● **Exercise objective**: Read the entries below and pull out each line with the string "shows".

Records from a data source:
lemma line_point_slope:
  assumes "is_line L" "p \<in> L"
  shows "L = {q. (fst q - fst p, snd q - snd p) \<in> slope L}"
proof -
  obtain a b c where "L = {p. a * fst p + b * snd p = c}" "slope L = {v. a * fst v + b * snd v = 0}"
    using is_lineE[OF assms(1)] .
  with assms(2) show ?thesis by (auto simp: algebra_simps)
qed

lemma line_eqI_slope:
  assumes "is_line L" "is_line L'" "p \<in> L" "p \<in> L'" "slope L = slope L'"
  shows "L = L'"
  using line_point_slope[OF assms(1,3)] line_point_slope[OF assms(2,4)] assms(5) by simp

lemma kernel_eq_collinear:
  fixes a b v1 v2 :: real
  assumes "a \<noteq> 0 \<or> b \<noteq> 0" "v1 \<noteq> 0 \<or> v2 \<noteq> 0" "a * v1 + b * v2 = 0"
  shows "{w. a * fst w + b * snd w = 0} = {w. v2 * fst w = v1 * snd w}"
proof -
  have "v2 * (a * w1 + b * w2) = a * (v2 * w1 - v1 * w2)"
    and "v1 * (a * w1 + b * w2) = - b * (v2 * w1 - v1 * w2)" for w1 w2
  proof -
    have "v2 * (a * w1 + b * w2) = a * (v2 * w1 - v1 * w2) + w2 * (a * v1 + b * v2)"
      and "v1 * (a * w1 + b * w2) = - b * (v2 * w1 - v1 * w2) + w1 * (a * v1 + b * v2)"
      by (simp_all add: algebra_simps)
    with assms(3) show "v2 * (a * w1 + b * w2) = a * (v2 * w1 - v1 * w2)"
      and "v1 * (a * w1 + b * w2) = - b * (v2 * w1 - v1 * w2)" by simp_all
  qed
  note identities = this
  have "a * w1 + b * w2 = 0 \<longleftrightarrow> v2 * w1 = v1 * w2" for w1 w2
  proof
    assume "a * w1 + b * w2 = 0"
    then have "a * (v2 * w1 - v1 * w2) = 0" "b * (v2 * w1 - v1 * w2) = 0"
      using identities[of w1 w2] by simp_all
    with assms(1) show "v2 * w1 = v1 * w2" by auto
  next
    assume "v2 * w1 = v1 * w2"
    then have "v2 * (a * w1 + b * w2) = 0" "v1 * (a * w1 + b * w2) = 0"
      using identities[of w1 w2] by simp_all
    with assms(2) show "a * w1 + b * w2 = 0" by auto
  qed
  then show ?thesis by auto
qed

● **Your solution**:
  shows "L = {q. (fst q - fst p, snd q - snd p) \<in> slope L}"
  shows "L = L'"
  shows "{w. a * fst w + b * snd w = 0} = {w. v2 * fst w = v1 * snd w}"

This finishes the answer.